Soviet Psychiatric Hospitals
"U.S. officials in
Moscow said today they have been unable to determine, after meetings with
patients in Soviet mental hospitals, whether they are being held because of
their political beliefs."
- NBC Nightly News Anchor Connie Chung.
"U.S. PSYCHIATRISTS
FAULT SOVIET UNITS: Team Finds Inmates Are Still Held for Political
Reasons"
- New York Times, next morning.
Mikhail Gorbachev
"For Gorbachev at
the end of four years, it is the best of times, it is the worst of times.
There was triumph at the Moscow summit, when cold warrior Ronald Reagan said
the Evil Empire belonged to a time now past. Bittersweet triumph when Soviet
troops came home from Afghanistan. The Soviets did not win, but Gorbachev did.
He had the courage to end Soviet involvement."
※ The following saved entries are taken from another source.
(* Let $\bar M$ be an upper bound on the optimal value $M_{adj}=\min_{\sigma\in\Sigma}Q_\Gamma(\sigma)$ of the Adjustable-Robust RCPSP (for instance $\bar M=\sum_{i\in J}(p_i+\hat d_i)$), where $Q_\Gamma(\sigma)=\max_{\delta\in\Delta}\min\{x_t:x\text{ schedule of }(\bar J,A_\sigma,p+\delta)\}$ (with value $+\infty$ if no schedule exists). Consider the mixed-integer program $(F_{adj})$ with variables $\sigma\in\{0,1\}^P$, $f=(f^k_{ij})\ge 0$, and $x^\gamma_j\ge 0$ for $j\in\bar J,\gamma\in\{0,\dots,\Gamma\}$: minimize $x^\Gamma_t$ subject to (i) $x^\gamma_j-x^\gamma_i\ge p_i-\bar M(1-\sigma_{ij})$ for all $(i,j)\in P$, $\gamma\le\Gamma$; (ii) $x^\gamma_j-x^{\gamma+1}_i\ge p_i+\hat d_i-\bar M(1-\sigma_{ij})$ for all $(i,j)\in P$, $\gamma<\Gamma$; (iii) $x^\Gamma_t-x^\gamma_t\ge 0$ for all $\gamma<\Gamma$; together with the flow constraints (F) on $(\sigma,f)$. Then the optimal value of $(F_{adj})$ equals $M_{adj}$, and for any optimal solution $(\sigma,f,x)$ of $(F_{adj})$, $\sigma$ is an optimal sequencing decision of the Adjustable-Robust RCPSP, i.e., $Q_\Gamma(\sigma)=M_{adj}$.
   Context: Jobs form a finite set $J$; $\bar J=J\cup\{s,t\}$. $(\bar J,A)$ is a directed acyclic precedence graph with unique source $s$ and unique sink $t$, every vertex on an $s$–$t$ path. Processing times $p\in\mathbb{R}_{>0}^J$, $p_s=p_t=0$; for $\delta\in\mathbb{R}_+^J$ set $\delta_s=\delta_t=0$, and $\hat d_s=\hat d_t=0$. A schedule of $(\bar J,E,q)$ is $x\in\mathbb{R}_+^{\bar J}$ with $x_j-x_i\ge q_i$ for all $(i,j)\in E$; its makespan is $x_t$. Resources $\mathcal R$, requirements $r_{ik}\ge0$, availabilities $R_k\ge0$, $\tilde r_{ik}=R_k$ if $i\in\{s,t\}$ else $r_{ik}$. $P=\{(i,j):i,j\in\bar J,i\ne j\}$. Flow constraints (F) on $(\sigma,f)$ with $f\ge 0$: $\sigma_{ij}=1$ for all $(i,j)\in A$; $f^k_{ij}\le\min\{\tilde r_{ik},\tilde r_{jk}\}\sigma_{ij}$ for all $(i,j)\in P,k\in\mathcal R$; $\sum_{j:(i,j)\in P}f^k_{ij}=\tilde r_{ik}$ for all $k$, $i\in J\cup\{s\}$; $\sum_{j:(j,i)\in P}f^k_{ji}=\tilde r_{ik}$ for all $k$, $i\in J\cup\{t\}$. $\Sigma$ is the set of $\sigma\in\{0,1\}^P$ for which some $f\ge0$ satisfies (F). $A_\sigma=\{(i,j)\in P:\sigma_{ij}=1\}$. $\Delta=\{(\hat d_iu_i)_{i\in J}:u\in\{0,1\}^J,\sum_iu_i\le\Gamma\}$ for given $\hat d\in\mathbb{R}_+^J$ and integer $\Gamma\ge0$. *)

theory Defs
  imports Complex_Main "HOL-Library.Extended_Real"
begin

text \<open>Jobs have type 'a, resources type 'r. Vectors indexed by a finite set
 are represented as functions; 0/1-vectors sigma on P are real-valued functions
 with values in {0,1} on P and 0 outside P.\<close>

definition Jbar :: "'a set \<Rightarrow> 'a \<Rightarrow> 'a \<Rightarrow> 'a set" where
  "Jbar J s t = J \<union> {s, t}"

definition Ppairs :: "'a set \<Rightarrow> ('a \<times> 'a) set" where
  "Ppairs Jb = {(i, j). i \<in> Jb \<and> j \<in> Jb \<and> i \<noteq> j}"
lemma upper_bound:
  fixes u :: "real ^ 'n::finite \<Rightarrow> real \<Rightarrow> real"
  assumes q: "q > 1" and sol: "C21 \<Omega> u"
    and eq: "\<forall>x\<in>\<Omega>. \<forall>t>0. dt u x t - laplacian u x t + u x t powr q = 0"
    and R: "R > 0" "cball x0 R \<subseteq> \<Omega>" and t0: "0 < t0"
    and al: "al = 2 / (q - 1)" and C: "C = 4 * al * (al + 1) + 2 * real CARD('n) * al"
    and lam: "lam = (C * R\<^sup>2) powr (1 / (q - 1))"
  shows "u x0 t0 \<le> blowup_profile q t0 + lam * (R\<^sup>2) powr (- al)"
proof (rule tendsto_le[OF trivial_limit_at_right_real])
  have "((\<lambda>\<tau>. t0 - \<tau>) \<longlongrightarrow> t0) (at_right 0)"
    by (auto intro!: tendsto_eq_intros)
  with blowup_profile_isCont[OF q t0]
  show "((\<lambda>\<tau>. blowup_profile q (t0 - \<tau>) + lam * (R\<^sup>2) powr (- al))
      \<longlongrightarrow> blowup_profile q t0 + lam * (R\<^sup>2) powr (- al)) (at_right 0)"
    by (intro tendsto_add tendsto_const isCont_tendsto_compose[of _ "blowup_profile q"])
  show "\<forall>\<^sub>F \<tau> in at_right 0. u x0 t0 \<le> blowup_profile q (t0 - \<tau>) + lam * (R\<^sup>2) powr (- al)"
    unfolding eventually_at_right_field
    using upper_bound_shifted[OF q sol eq R _ _ al C lam] t0 by (intro exI[of _ t0]) auto
qed (rule tendsto_const)
lemma bij_betw_itin:
  assumes "0 < n"
  shows "bij_betw (itin n) (Tset n) (primitive_itineraries n)"
  unfolding bij_betw_def
proof
  show "inj_on (itin n) (Tset n)"
    using assms by (rule inj_on_itin_Tset)
  show "itin n ` Tset n = primitive_itineraries n"
  proof (intro subset_antisym image_subsetI subsetI)
    show "itin n p \<in> primitive_itineraries n" if "p \<in> Tset n" for p
      using that assms by (rule itin_in_primitive_itineraries)
    fix w assume "w \<in> primitive_itineraries n"
    then obtain p where "p \<in> Tset n" "itin n p = w"
      by (rule primitive_itinerary_realized)
    then show "w \<in> itin n ` Tset n"
      by blast
  qed
qed

section \<open>Two-dimensional words\<close>

lemma rotate_concat_replicate: "rotate (length u) (concat (replicate k u)) = concat (replicate k u)"
proof (cases k)
  case (Suc k')
  have "rotate (length u) (u @ concat (replicate k' u)) = concat (replicate k' u) @ u"
    by (rule rotate_append)
  also have "\<dots> = concat (replicate k' u @ [u])"
    by simp
  finally show ?thesis
    by (simp add: Suc replicate_append_same)
qed simp

lemma rotate_fixed_imp_concat_replicate:
  assumes "0 < d" "d < length w" "rotate d w = w"
  obtains k u where "1 < k" "w = concat (replicate k u)"
proof -
  have "take d w @ drop d w = drop d w @ take d w"
    using rotate_append[of "take d w" "drop d w"] assms by simp
  moreover have "take d w \<noteq> []" "drop d w \<noteq> []"
    using assms by auto
  ultimately obtain k u where "1 < k" "concat (replicate k u) = take d w @ drop d w"
    using comm_append_is_replicate by metis
  then show ?thesis
    by (metis that append_take_drop_id)
qed

lemma eta_rows_eq_iff: "eta w ! 0 = eta w ! 1 \<longleftrightarrow> set w \<subseteq> {1, 2}"
proof -
  have "eta_col x ! 0 = eta_col x ! 1 \<longleftrightarrow> x \<in> {1, 2}" for x
    by (simp add: eta_col_def)
  then show ?thesis
    unfolding eta_def by auto
qed

lemma eta_rotate: "eta (rotate d w) = map (rotate d) (eta w)"
  by (simp add: eta_def rotate_map)

lemma eta_concat_replicate: "eta (concat (replicate k u)) = wpow (eta u) 1 k"
  by (simp add: eta_def wpow_def map_concat)

lemma is_word_eta: "is_word 2 (length w) (eta w)"
proof -
  have "eta_col x ! 0 \<in> {0, 1}" "eta_col x ! 1 \<in> {0, 1}" for x
    by (simp_all add: eta_col_def)
  then show ?thesis
    by (simp add: is_word_def eta_def image_subset_iff)
qed

lemma eta_eq_iff:
  assumes "set w \<subseteq> {..<4}" "set v \<subseteq> {..<4}"
  shows "eta w = eta v \<longleftrightarrow> w = v"
proof
  define col where "col x = (eta_col x ! 0, eta_col x ! 1)" for x
  have "inj_on col {..<4}"
    by (auto simp: inj_on_def col_def eta_col_def less_Suc_eq numeral_eq_Suc)
  then have inj: "inj_on col (set w \<union> set v)"
    using assms by (intro inj_on_subset[OF \<open>inj_on col {..<4}\<close>]) auto
  have "map col u = zip (eta u ! 0) (eta u ! 1)" for u
    by (simp add: col_def eta_def zip_map_map zip_same_conv_map)
  moreover assume "eta w = eta v"
  ultimately have "map col w = map col v"
    by metis
  with inj show "w = v"
    by (simp add: inj_on_map_eq_map)
qed simp

lemma is_word_2_imp_eta:
  assumes "is_word 2 n W"
  obtains w where "length w = n" "set w \<subseteq> {..<4}" "eta w = W"
proof -
  obtain r0 r1 where W: "W = [r0, r1]"
    using assms by (auto simp: is_word_def numeral_2_eq_2 length_Suc_conv)
  with assms have r: "length r0 = n" "length r1 = n" "set r0 \<subseteq> {0, 1}" "set r1 \<subseteq> {0, 1}"
    by (simp_all add: is_word_def)
  have bits: "fst p \<in> {0, 1} \<and> snd p \<in> {0, 1}" if "p \<in> set (zip r0 r1)" for p
    using r set_zip_leftD[of "fst p" "snd p" r0 r1] set_zip_rightD[of "fst p" "snd p" r0 r1] that
    by auto
  define letter where "letter p = 2 * fst p + (1 - snd p)" for p :: "nat \<times> nat"
  have letter: "eta_col (letter p) = [fst p, snd p]" "letter p < 4" if "p \<in> set (zip r0 r1)" for p
    using bits[OF that] by (auto simp: letter_def eta_col_def)
  define w where "w = map letter (zip r0 r1)"
  have "map (\<lambda>x. eta_col x ! i) w = map (\<lambda>p. [fst p, snd p] ! i) (zip r0 r1)" for i
    unfolding w_def map_map by (intro map_cong) (simp_all add: letter)
  then have "eta w = W"
    using r by (simp add: eta_def W zip_map_fst_snd)
  moreover have "set w \<subseteq> {..<4}" "length w = n"
    using r letter(2) by (auto simp: w_def)
  ultimately show ?thesis
    using that by blast
qed

lemma length_wpow: "length (wpow V p q) = p * length V"
  by (simp add: wpow_def length_concat sum_list_replicate)

lemma periodicI:
  "1 \<le> m \<Longrightarrow> 1 \<le> k \<Longrightarrow> is_word m k V \<Longrightarrow> 2 \<le> p \<or> 2 \<le> q \<Longrightarrow> W = wpow V p q \<Longrightarrow> periodic W"
  unfolding periodic_def by blast

lemma periodic_eta_imp:
  assumes "periodic (eta w)" "set w \<subseteq> {..<4}"
  shows "set w \<subseteq> {1, 2} \<or> (\<exists>d. 0 < d \<and> d < length w \<and> rotate d w = w)"
proof -
  from assms(1) obtain V m k p q where V: "1 \<le> m" "1 \<le> k" "is_word m k V"
    and pq: "2 \<le> p \<or> 2 \<le> q" and W: "eta w = wpow V p q"
    unfolding periodic_def by blast
  have "p * m = 2"
    using arg_cong[OF W, of length] V(3) by (simp add: length_wpow is_word_def eta_def)
  then have "m dvd 2"
    by (metis dvd_triv_right)
  then have "m \<le> 2"
    by (rule dvd_imp_le) simp
  with V(1) have "m = 1 \<or> m = 2"
    by linarith
  with \<open>p * m = 2\<close> have "p = 2 \<and> m = 1 \<or> p = 1 \<and> m = 2"
    by auto
  then show ?thesis
  proof (elim disjE conjE)
    assume "p = 2" "m = 1"
    with V(3) obtain r where "V = [r]"
      by (auto simp: is_word_def length_Suc_conv)
    with W \<open>p = 2\<close> have "eta w ! 0 = eta w ! 1"
      by (simp add: wpow_def numeral_2_eq_2)
    then show ?thesis
      using eta_rows_eq_iff by blast
  next
    assume "p = 1" "m = 2"
    with pq have "2 \<le> q"
      by simp
    have rows: "length r = k" if "r \<in> set V" for r
      using V(3) that by (simp add: is_word_def)
    have "rotate k (concat (replicate q r)) = concat (replicate q r)" if "r \<in> set V" for r
      using rotate_concat_replicate[of r q] rows[OF that] by simp
    then have "map (rotate k) (eta w) = eta w"
      by (simp add: W \<open>p = 1\<close> wpow_def)
    then have "rotate k w = w"
      using eta_eq_iff[of "rotate k w" w] assms(2) by (simp add: eta_rotate)
    moreover have "length w = q * k"
      using arg_cong[OF W, of "\<lambda>W. length (hd W)"] V(3) \<open>p = 1\<close> \<open>m = 2\<close>
      by (auto simp: eta_def wpow_def is_word_def length_concat sum_list_replicate length_Suc_conv numeral_2_eq_2)
    ultimately show ?thesis
      using V(2) \<open>2 \<le> q\<close> by (intro disjI2 exI[of _ k]) simp
  qed
qed

lemma periodic_eta_if:
  assumes "w \<noteq> []" "set w \<subseteq> {1, 2} \<or> (\<exists>d. 0 < d \<and> d < length w \<and> rotate d w = w)"
  shows "periodic (eta w)"
  using assms(2)
proof
  assume "set w \<subseteq> {1, 2}"
  then have "eta w ! 0 = eta w ! 1"
    using eta_rows_eq_iff by blast
  moreover obtain r r' where "eta w = [r, r']"
    by (simp add: eta_def)
  ultimately have r: "eta w = [r, r]"
    by simp
  have "is_word 1 (length w) [r]"
    using is_word_eta[of w] by (simp add: is_word_def r)
  moreover have "eta w = wpow [r] 2 1"
    by (simp add: r wpow_def numeral_2_eq_2)
  ultimately show ?thesis
    using assms(1) by (intro periodicI[of 1 "length w" "[r]" 2]) (auto simp: Suc_le_eq)
next
  assume "\<exists>d. 0 < d \<and> d < length w \<and> rotate d w = w"
  then obtain d where "0 < d" "d < length w" "rotate d w = w"
    by blast
  then obtain k u where "1 < k" "w = concat (replicate k u)"
    by (rule rotate_fixed_imp_concat_replicate)
  moreover from this have "u \<noteq> []"
    using assms(1) by auto
  ultimately show ?thesis
    using is_word_eta[of u]
    by (intro periodicI[of 2 "length u" "eta u" 1 k]) (auto simp: eta_concat_replicate Suc_le_eq)
qed

lemma eta_in_Wset_iff:
  assumes "length w = n" "0 < n" "set w \<subseteq> {..<4}"
  shows "eta w \<in> Wset n \<longleftrightarrow> w \<in> primitive_itineraries n"
proof -
  have "w \<noteq> []"
    using assms(1,2) by auto
  have "eta w \<in> Wset n \<longleftrightarrow> \<not> periodic (eta w)"
    using is_word_eta[of w] by (simp add: Wset_def primitive_def assms(1))
  also have "\<dots> \<longleftrightarrow> \<not> (set w \<subseteq> {1, 2} \<or> (\<exists>d. 0 < d \<and> d < length w \<and> rotate d w = w))"
    using periodic_eta_imp[OF _ assms(3)] periodic_eta_if[OF \<open>w \<noteq> []\<close>] by blast
  also have "\<dots> \<longleftrightarrow> w \<in> primitive_itineraries n"
    using assms by (auto simp: primitive_itineraries_def)
  finally show ?thesis .
qed
(* Let $J\subseteq I$ and let $A$ be a $J$-antichain in $R^+$. Then $A$ is an abelian $J$-antichain if and only if both of the following hold: (1) for all $\alpha,\beta\in A$ with $\alpha\ne\beta$ there exists $i\in I$ with $d_i(\alpha)+d_i(\beta)>d_i(\theta)$; (2) for every $\alpha\in A$ there exists $i\in I$ with $2d_i(\alpha)>d_i(\theta)$.
   Context: $\mathfrak g$ is a complex simple Lie algebra of rank $n$ with root system $R$, $I=\{1,\dots,n\}$, simple roots $\{\alpha_i\}_{i\in I}$, $Q^+$ their $\mathbb Z_{\ge0}$-span, $R^+=R\cap Q^+$, $\theta$ the highest root. For $\eta$ in the root lattice write $\eta=\sum_i d_i(\eta)\alpha_i$. Partial order: $\lambda\le\mu$ iff $\mu-\lambda\in Q^+$. For $J\subseteq I$, $R^+(J)=\{\alpha\in R^+: d_i(\alpha)=0\ \forall i\notin J\}$. A $J$-antichain is a subset $A\subseteq R^+$ with $A\cap R^+(J)=\emptyset$, distinct elements pairwise incomparable, and $\alpha-\alpha_j\notin R$ for all $\alpha\in A$, $j\in J$. $\Phi(A)=\{\alpha\in R^+:\alpha\ge\beta\text{ for some }\beta\in A\}$. A $J$-antichain $A$ is abelian if for all $\beta_1,\beta_2\in\Phi(A)$ (not necessarily distinct) $\beta_1+\beta_2\notin R$. *)

theory Defs
  imports "HOL-Analysis.Analysis"
begin

text \<open>An (irreducible, reduced, crystallographic) root system in a Euclidean space.
  Roots of a complex simple Lie algebra of rank n are exactly such root systems
  in a Euclidean space of dimension n.\<close>

definition root_system :: "'a::euclidean_space set \<Rightarrow> bool" where
  "root_system R \<longleftrightarrow>
     finite R \<and> 0 \<notin> R \<and> span R = UNIV \<and>
     (\<forall>a\<in>R. \<forall>b\<in>R. b - (2 * (b \<bullet> a) / (a \<bullet> a)) *\<^sub>R a \<in> R) \<and>
     (\<forall>a\<in>R. \<forall>b\<in>R. 2 * (b \<bullet> a) / (a \<bullet> a) \<in> \<int>) \<and>
     (\<forall>a\<in>R. \<forall>c::real. c *\<^sub>R a \<in> R \<longrightarrow> c = 1 \<or> c = -1)"

definition irreducible_root_system :: "'a::euclidean_space set \<Rightarrow> bool" where
  "irreducible_root_system R \<longleftrightarrow> root_system R \<and>
     \<not> (\<exists>R1 R2. R = R1 \<union> R2 \<and> R1 \<noteq> {} \<and> R2 \<noteq> {} \<and>
            (\<forall>a\<in>R1. \<forall>b\<in>R2. a \<bullet> b = 0))"
lemma card_openers_with:
  assumes M: "noncrossing_matching n M"
  shows "card {i\<in>{1..n}. P (opener M i)} = card {a\<in>M. P (fst a)}"
proof -
  have bij: "bij_betw (opener M) {1..n} (fst ` M)" by (rule opener_bij[OF M])
  have "opener M ` {i\<in>{1..n}. P (opener M i)} = {x\<in>fst ` M. P x}"
    unfolding bij_betw_imp_surj_on[OF bij, symmetric] by auto
  moreover have "inj_on (opener M) {i\<in>{1..n}. P (opener M i)}"
    by (rule inj_on_subset[OF bij_betw_imp_inj_on[OF bij]]) auto
  ultimately have "card {i\<in>{1..n}. P (opener M i)} = card {x\<in>fst ` M. P x}"
    using card_image[of "opener M" "{i\<in>{1..n}. P (opener M i)}"] by simp
  also have "{x\<in>fst ` M. P x} = fst ` {a\<in>M. P (fst a)}" by auto
  also have "card \<dots> = card {a\<in>M. P (fst a)}"
    by (rule card_image, rule inj_on_subset[OF matching_inj_fst[OF M]]) auto
  finally show ?thesis .
qed

lemma young_mem:
  "(x,y) \<in> young n M \<longleftrightarrow> 1 \<le> x \<and> x \<le> n \<and> 1 \<le> y \<and> y \<le> opener M (n + 1 - x) - (n + 1 - x)"
  by (simp add: young_def)

lemma young_diagram_young:
  assumes M: "noncrossing_matching n M" shows "young_diagram (young n M)"
proof (rule young_diagramI)
  have "young n M \<subseteq> {1..n} \<times> {0..2*n}"
  proof
    fix b assume "b \<in> young n M"
    then have "1 \<le> fst b" "fst b \<le> n" "snd b \<le> opener M (n + 1 - fst b) - (n + 1 - fst b)"
      using young_mem[of "fst b" "snd b"] by auto
    moreover have "opener M (n + 1 - fst b) \<le> 2*n"
      using opener_bounds[OF M, of "n + 1 - fst b"] \<open>1 \<le> fst b\<close> \<open>fst b \<le> n\<close> by simp
    ultimately show "b \<in> {1..n} \<times> {0..2*n}" by (cases b) auto
  qed
  then show "finite (young n M)" using finite_subset by blast
  show "\<And>x y. (x,y) \<in> young n M \<Longrightarrow> 1 \<le> x \<and> 1 \<le> y" using young_mem by blast
  fix x y x' y' assume h: "(x,y) \<in> young n M" "1 \<le> x'" "x' \<le> x" "1 \<le> y'" "y' \<le> y"
  then have row: "1 \<le> x" "x \<le> n" "y \<le> opener M (n + 1 - x) - (n + 1 - x)" using young_mem by auto
  have "opener M (n+1-x) + ((n+1-x') - (n+1-x)) \<le> opener M (n+1-x')"
    using opener_gap[OF M, of "n+1-x" "n+1-x'"] h row by simp
  then have "y' \<le> opener M (n + 1 - x') - (n + 1 - x')" using h row by linarith
  then show "(x',y') \<in> young n M" using young_mem h row by auto
qed

text \<open>Row \<open>n + 1 - i\<close> of the diagram meets the diagonal of content \<open>t - n\<close> iff
  \<open>i \<le> t < a\<^sub>i\<close>, i.e.\ iff the \<open>i\<close>-th opener is still to the right of position \<open>t\<close>
  although \<open>i \<le> t\<close>.\<close>
lemma diag_size_young:
  assumes M: "noncrossing_matching n M"
  shows "diag_size (young n M) (int t - int n) = card {i\<in>{1..n}. i \<le> t \<and> t < opener M i}"
proof -
  let ?row = "\<lambda>b::nat \<times> nat. n + 1 - fst b"
  have "inj_on ?row (diagonal (young n M) (int t - int n))"
    by (rule inj_onI) (auto simp: diagonal_def young_mem)
  moreover have "?row ` diagonal (young n M) (int t - int n) = {i\<in>{1..n}. i \<le> t \<and> t < opener M i}"
  proof
    show "?row ` diagonal (young n M) (int t - int n) \<subseteq> {i\<in>{1..n}. i \<le> t \<and> t < opener M i}"
      using opener_ge[OF M] by (force simp: diagonal_def young_mem)
    show "{i\<in>{1..n}. i \<le> t \<and> t < opener M i} \<subseteq> ?row ` diagonal (young n M) (int t - int n)"
    proof
      fix i assume i: "i \<in> {i\<in>{1..n}. i \<le> t \<and> t < opener M i}"
      then have "(n + 1 - i, t + 1 - i) \<in> diagonal (young n M) (int t - int n)"
        using opener_ge[OF M, of i] by (auto simp: diagonal_def young_mem)
      moreover have "i = ?row (n + 1 - i, t + 1 - i)" using i by auto
      ultimately show "i \<in> ?row ` diagonal (young n M) (int t - int n)" by blast
    qed
  qed
  ultimately show ?thesis unfolding diag_size_def by (metis card_image)
qed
- CBS reporter Barry Petersen on the March 11 Evening News.
"On the
international stage, he's a superstar. The toast of the Wes. He reached a
precedent setting arms control agreement with the U.S. and pulled Soviet
troops out of Afghanistan. At home he's opened up the political process. The
first contested elections since Lenin's day are scheduled for later this
month."
- Rick Inderfurth on ABC's World News Tonight, March 12.
Economy
"Currently, our
entire economy is like one of those pathetic small towns desperate to keep,
say, a chemical plant operating regardless of the hazards...The Solar Age
still awaits its Franklin Delano Roosevelt, or even its Gorbachev, someone to
realize that the U.S. economy, too, needs its own perestroika."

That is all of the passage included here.